(TASK): Copy each line below holding "mass".

(Dataset records):
----------
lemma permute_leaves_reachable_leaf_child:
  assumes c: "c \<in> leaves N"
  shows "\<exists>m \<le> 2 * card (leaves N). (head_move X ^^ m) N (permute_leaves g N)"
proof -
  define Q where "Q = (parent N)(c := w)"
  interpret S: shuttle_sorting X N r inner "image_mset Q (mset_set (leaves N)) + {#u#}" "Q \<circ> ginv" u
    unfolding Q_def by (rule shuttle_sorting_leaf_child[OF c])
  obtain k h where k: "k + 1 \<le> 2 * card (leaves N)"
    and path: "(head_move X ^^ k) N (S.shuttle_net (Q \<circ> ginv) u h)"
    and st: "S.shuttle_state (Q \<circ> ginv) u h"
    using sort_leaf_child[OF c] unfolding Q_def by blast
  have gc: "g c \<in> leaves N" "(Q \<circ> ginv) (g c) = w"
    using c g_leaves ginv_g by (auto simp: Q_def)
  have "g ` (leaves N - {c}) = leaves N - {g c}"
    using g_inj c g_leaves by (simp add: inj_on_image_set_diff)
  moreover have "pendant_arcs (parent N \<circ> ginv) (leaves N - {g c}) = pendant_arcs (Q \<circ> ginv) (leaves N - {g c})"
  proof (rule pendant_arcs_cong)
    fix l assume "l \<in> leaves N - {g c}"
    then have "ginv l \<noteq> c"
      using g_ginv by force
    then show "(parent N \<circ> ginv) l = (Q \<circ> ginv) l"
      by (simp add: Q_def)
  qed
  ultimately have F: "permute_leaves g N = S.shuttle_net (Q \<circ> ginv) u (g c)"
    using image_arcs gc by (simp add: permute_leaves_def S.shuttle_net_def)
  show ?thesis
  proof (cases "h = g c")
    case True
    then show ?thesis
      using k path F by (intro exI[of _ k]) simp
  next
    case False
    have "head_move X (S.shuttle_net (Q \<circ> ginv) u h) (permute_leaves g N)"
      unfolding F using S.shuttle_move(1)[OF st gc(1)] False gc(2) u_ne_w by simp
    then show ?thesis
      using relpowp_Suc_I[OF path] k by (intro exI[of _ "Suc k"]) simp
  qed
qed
----------
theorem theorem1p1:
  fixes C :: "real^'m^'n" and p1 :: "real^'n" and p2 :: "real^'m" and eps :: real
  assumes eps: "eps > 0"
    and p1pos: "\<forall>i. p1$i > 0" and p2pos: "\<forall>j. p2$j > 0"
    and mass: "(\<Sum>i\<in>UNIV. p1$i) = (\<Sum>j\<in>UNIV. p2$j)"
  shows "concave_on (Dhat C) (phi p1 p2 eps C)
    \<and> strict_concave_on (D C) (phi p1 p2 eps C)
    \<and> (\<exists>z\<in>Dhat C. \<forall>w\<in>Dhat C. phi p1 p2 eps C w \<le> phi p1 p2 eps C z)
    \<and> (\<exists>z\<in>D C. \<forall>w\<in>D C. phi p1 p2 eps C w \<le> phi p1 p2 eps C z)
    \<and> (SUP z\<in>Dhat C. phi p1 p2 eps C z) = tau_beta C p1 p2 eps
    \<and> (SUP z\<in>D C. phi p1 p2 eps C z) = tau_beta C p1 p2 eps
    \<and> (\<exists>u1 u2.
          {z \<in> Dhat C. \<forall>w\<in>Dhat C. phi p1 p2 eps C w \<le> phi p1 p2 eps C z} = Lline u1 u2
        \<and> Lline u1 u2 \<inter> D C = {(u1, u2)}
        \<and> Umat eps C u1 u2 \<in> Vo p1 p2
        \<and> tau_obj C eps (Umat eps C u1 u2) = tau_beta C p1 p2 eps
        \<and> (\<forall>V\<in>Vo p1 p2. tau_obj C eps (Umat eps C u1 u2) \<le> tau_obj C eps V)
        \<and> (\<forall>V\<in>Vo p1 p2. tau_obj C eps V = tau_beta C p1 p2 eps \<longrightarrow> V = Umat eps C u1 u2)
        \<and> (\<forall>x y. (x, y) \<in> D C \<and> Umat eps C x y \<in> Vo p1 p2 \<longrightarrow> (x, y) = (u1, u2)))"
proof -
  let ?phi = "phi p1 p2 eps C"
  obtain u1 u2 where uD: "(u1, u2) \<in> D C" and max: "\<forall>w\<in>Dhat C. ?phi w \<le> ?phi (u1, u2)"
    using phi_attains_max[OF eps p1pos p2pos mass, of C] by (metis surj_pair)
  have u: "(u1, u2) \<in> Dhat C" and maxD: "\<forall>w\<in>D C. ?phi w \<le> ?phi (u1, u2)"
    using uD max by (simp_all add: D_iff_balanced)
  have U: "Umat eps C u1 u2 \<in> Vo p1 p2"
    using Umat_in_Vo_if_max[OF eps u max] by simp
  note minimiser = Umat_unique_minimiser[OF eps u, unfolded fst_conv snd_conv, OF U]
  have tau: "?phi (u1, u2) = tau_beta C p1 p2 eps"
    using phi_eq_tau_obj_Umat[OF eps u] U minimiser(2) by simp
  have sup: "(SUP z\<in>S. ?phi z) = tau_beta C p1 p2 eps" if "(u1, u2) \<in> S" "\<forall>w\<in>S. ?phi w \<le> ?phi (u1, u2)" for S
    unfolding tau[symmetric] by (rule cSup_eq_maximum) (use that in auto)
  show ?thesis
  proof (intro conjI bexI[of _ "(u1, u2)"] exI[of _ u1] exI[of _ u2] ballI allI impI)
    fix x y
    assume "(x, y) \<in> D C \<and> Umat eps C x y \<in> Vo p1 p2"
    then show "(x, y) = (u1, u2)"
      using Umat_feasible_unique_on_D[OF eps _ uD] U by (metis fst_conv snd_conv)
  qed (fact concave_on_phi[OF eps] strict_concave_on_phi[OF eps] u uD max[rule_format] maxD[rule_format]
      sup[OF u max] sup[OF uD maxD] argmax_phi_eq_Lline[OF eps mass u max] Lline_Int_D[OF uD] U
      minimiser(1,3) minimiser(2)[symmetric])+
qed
----------
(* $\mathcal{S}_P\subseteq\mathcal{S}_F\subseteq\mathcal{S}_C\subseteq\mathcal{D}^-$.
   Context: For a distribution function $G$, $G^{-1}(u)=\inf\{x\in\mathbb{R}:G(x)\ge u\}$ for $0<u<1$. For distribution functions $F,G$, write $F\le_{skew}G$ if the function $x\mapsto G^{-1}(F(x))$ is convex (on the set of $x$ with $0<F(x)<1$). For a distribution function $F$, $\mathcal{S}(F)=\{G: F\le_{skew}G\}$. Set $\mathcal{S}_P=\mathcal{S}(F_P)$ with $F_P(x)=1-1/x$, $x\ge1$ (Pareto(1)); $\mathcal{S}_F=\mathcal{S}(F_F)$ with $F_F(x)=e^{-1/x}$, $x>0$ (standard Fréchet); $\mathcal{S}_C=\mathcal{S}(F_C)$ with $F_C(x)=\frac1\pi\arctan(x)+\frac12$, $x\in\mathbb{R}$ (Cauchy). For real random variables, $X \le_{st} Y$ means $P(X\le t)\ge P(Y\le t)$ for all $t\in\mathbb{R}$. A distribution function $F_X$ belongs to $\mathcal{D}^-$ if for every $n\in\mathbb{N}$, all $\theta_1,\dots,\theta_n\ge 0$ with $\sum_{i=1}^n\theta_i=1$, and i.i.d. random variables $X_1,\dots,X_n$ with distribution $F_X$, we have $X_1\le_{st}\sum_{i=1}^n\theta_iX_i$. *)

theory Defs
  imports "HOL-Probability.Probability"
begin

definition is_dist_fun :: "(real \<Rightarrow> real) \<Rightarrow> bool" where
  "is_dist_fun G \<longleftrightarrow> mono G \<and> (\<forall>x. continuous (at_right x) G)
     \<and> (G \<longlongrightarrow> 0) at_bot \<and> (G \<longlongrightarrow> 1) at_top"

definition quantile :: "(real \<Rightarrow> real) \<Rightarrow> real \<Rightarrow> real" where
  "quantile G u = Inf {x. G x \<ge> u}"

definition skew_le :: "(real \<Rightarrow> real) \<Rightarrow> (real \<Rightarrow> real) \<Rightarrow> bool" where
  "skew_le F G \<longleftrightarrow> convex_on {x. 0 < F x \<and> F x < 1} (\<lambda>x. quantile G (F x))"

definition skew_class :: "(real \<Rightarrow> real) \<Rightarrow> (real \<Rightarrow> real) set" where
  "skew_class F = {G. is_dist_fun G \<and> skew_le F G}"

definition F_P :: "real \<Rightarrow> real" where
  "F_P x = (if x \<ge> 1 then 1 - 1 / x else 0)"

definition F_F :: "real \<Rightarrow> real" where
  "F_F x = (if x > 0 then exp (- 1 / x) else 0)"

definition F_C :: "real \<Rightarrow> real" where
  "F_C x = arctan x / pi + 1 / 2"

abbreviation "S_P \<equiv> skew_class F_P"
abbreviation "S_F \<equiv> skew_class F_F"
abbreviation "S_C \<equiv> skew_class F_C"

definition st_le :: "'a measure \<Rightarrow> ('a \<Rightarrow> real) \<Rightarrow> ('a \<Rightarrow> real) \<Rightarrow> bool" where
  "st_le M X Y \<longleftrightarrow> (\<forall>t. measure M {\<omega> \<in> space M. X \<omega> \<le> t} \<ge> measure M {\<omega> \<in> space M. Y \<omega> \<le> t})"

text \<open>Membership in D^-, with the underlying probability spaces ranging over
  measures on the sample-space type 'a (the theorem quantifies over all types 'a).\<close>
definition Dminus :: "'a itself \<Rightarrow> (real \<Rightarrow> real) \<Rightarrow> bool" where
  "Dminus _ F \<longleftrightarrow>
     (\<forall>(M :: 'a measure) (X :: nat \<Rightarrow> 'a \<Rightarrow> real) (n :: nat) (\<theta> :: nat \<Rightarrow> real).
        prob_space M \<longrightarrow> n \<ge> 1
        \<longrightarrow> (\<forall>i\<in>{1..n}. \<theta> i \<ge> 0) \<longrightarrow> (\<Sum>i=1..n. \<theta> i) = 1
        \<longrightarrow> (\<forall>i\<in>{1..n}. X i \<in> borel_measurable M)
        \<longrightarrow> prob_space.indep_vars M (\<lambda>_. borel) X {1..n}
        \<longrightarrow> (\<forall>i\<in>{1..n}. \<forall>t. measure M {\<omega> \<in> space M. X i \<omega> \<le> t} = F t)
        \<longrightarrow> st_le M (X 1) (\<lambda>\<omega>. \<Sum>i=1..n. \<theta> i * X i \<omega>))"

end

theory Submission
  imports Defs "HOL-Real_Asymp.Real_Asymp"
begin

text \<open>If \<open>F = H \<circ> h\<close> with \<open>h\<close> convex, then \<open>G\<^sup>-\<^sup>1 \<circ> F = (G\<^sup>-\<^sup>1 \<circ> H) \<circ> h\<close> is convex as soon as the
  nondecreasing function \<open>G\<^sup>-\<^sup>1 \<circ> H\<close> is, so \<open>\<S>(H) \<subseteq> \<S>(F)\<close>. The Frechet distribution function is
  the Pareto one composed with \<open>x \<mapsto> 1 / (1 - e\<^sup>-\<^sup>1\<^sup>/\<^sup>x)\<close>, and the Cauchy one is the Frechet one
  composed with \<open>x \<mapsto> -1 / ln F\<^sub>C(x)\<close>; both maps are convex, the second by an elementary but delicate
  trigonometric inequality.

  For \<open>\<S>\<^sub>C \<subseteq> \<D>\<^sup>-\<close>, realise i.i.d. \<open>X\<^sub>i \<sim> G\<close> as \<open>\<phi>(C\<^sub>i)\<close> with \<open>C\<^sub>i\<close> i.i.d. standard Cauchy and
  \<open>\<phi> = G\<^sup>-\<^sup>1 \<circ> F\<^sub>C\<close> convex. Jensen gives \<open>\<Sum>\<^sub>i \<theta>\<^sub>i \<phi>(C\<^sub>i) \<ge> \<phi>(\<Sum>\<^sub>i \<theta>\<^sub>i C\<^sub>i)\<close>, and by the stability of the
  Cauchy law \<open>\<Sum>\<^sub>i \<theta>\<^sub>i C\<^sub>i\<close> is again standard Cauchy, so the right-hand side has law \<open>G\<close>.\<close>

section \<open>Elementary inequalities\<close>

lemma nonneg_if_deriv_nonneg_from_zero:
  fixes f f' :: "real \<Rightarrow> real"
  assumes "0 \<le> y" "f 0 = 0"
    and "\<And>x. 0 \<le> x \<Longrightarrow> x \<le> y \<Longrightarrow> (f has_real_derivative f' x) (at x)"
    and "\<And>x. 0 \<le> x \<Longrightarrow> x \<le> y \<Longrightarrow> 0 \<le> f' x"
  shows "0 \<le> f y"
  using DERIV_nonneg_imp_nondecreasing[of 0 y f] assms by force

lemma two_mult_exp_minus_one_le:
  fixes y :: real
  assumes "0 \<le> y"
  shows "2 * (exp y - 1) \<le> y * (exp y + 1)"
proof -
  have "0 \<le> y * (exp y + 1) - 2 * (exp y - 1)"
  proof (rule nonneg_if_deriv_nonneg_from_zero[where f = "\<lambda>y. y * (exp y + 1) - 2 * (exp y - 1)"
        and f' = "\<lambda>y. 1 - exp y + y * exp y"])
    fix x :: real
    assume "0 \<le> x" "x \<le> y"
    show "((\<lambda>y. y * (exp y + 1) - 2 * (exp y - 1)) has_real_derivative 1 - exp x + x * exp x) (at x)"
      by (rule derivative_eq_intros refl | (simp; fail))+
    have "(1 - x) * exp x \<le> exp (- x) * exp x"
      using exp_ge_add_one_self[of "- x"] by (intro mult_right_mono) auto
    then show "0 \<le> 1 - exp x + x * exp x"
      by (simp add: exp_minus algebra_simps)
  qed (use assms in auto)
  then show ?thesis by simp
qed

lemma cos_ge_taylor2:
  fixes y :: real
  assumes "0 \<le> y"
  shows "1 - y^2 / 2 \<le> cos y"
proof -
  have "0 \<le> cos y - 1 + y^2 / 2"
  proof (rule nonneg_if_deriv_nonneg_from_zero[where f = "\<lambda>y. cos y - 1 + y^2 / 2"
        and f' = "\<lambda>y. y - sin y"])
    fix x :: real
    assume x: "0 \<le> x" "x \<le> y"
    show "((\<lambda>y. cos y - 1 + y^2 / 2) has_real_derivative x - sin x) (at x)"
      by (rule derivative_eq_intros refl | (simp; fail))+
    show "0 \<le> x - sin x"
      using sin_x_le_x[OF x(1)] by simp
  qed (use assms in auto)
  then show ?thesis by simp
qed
----------
(RESPONSE AREA):
    and mass: "(\<Sum>i\<in>UNIV. p1$i) = (\<Sum>j\<in>UNIV. p2$j)"
    using phi_attains_max[OF eps p1pos p2pos mass, of C] by (metis surj_pair)
      sup[OF u max] sup[OF uD maxD] argmax_phi_eq_Lline[OF eps mass u max] Lline_Int_D[OF uD] U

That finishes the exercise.